Five balls are randomly chosen, without replacement, from an urn that contains$5$ red, $6$white, and $7$blue balls.

The described experiment is equivalent to:

The experiment: From an urn that contains $5$red balls, $6$white balls, and $7$blue ones, draw $5$balls at random

Find the Probability that all three colors appear in $5$chosen balls.

The outcome space of the experiment $S$contains all of the combinations (subsets of fixed size) of $5$different balls.

If all events are considered equally likely, the probability of an event $A\subseteq S$ is:

$P\left(A\right)=\frac{\left|A\right|}{\left|S\right|}$

where $\left|X\right|$denotes the number of elements in$X$.

It is shown that the number of combinations$5$ of$18$ different objects is$\left(\begin{array}{c}18\\ 5\end{array}\right)=\left|S\right|$.

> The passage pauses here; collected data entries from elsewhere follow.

theorem theorem3:
  fixes M :: "'a measure" and T :: "'a \<Rightarrow> real" and \<Delta> :: real
  assumes "prob_space M"
    and "T \<in> borel_measurable M"
    and "\<And>x. x \<in> space M \<Longrightarrow> T x > 0"
    and "\<Delta> > 0"
  shows "(SUP \<omega>\<in>{\<omega>. \<bar>\<omega>\<bar> \<ge> \<Delta>}. cmod (CLINT x|M. iexp (\<omega> * T x)))
           \<ge> (if (\<integral>\<^sup>+ x. ennreal (T x) \<partial>M) = \<infinity> then 0
              else exp (- \<Delta> * enn2real (\<integral>\<^sup>+ x. ennreal (T x) \<partial>M) * pi / 2))"
proof -
  have "nonneg_random_variable M T"
    using assms(1-3) unfolding nonneg_random_variable_def nonneg_random_variable_axioms_def
    by (auto intro: less_imp_le)
  then interpret nonneg_random_variable M T .
  have AE_nonneg: "AE x in M. 0 \<le> T x" using T_nonneg by (intro AE_I2)
  show ?thesis
  proof (cases "(\<integral>\<^sup>+ x. ennreal (T x) \<partial>M) = \<infinity>")
    case True
    show ?thesis
      unfolding if_P[OF True]
      using norm_char_le_Sup[of \<Delta> \<Delta>, OF abs_ge_self] norm_ge_zero[of "CLINT x|M. iexp (\<Delta> * T x)"]
      by linarith
  next
    case False
    then have "integrable M T"
      using assms(2) AE_nonneg by (intro integrableI_nonneg) (auto simp: less_top)
    have mean: "enn2real (\<integral>\<^sup>+ x. ennreal (T x) \<partial>M) = expectation T"
      using assms(2) AE_nonneg by (simp add: integral_eq_nn_integral)
    show ?thesis
      unfolding if_not_P[OF False] mean using \<open>integrable M T\<close> assms(4)
      by (rule exp_expectation_le_Sup_norm_char)
  qed
qed

end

Say that $A$is an event in that balls of all three colors are chosen.

Since direct enumeration would have to have many cases, we count elements$A^c$.

$P\left(A\right)=1-P\left(A^c\right)$

$A^c$is a union of three disjoint events:

That only blue and red balls are chosen - $\left(\begin{array}{c}12\\ 5\end{array}\right)$possible choices of$5$ out of those$12$ balls.

That only blue and white balls are chosen - $\left(\begin{array}{c}13\\ 5\end{array}\right)$possible choices.

That only red and white balls are chosen - $\left(\begin{array}{c}11\\ 5\end{array}\right)$possible choices.

Total of $\left(\begin{array}{c}11\\ 5\end{array}\right)+\left(\begin{array}{c}12\\ 5\end{array}\right)+\left(\begin{array}{c}13\\ 5\end{array}\right)$elements in$A^c$.

So$P\left(A^c\right)=\frac{\left(\begin{array}{c}11\\ 5\end{array}\right)+\left(\begin{array}{c}12\\ 5\end{array}\right)+\left(\begin{array}{c}13\\ 5\end{array}\right)}{\left(\begin{array}{c}18\\ 5\end{array}\right)}=\frac{121}{408}$

$P\left(A\right)=1-P\left(A^c\right)=1-\frac{121}{408}=\frac{287}{408}\approx 0.70343$

The end result is:

$P\left(A\right)=\frac{287}{408}\approx 70.34\%$.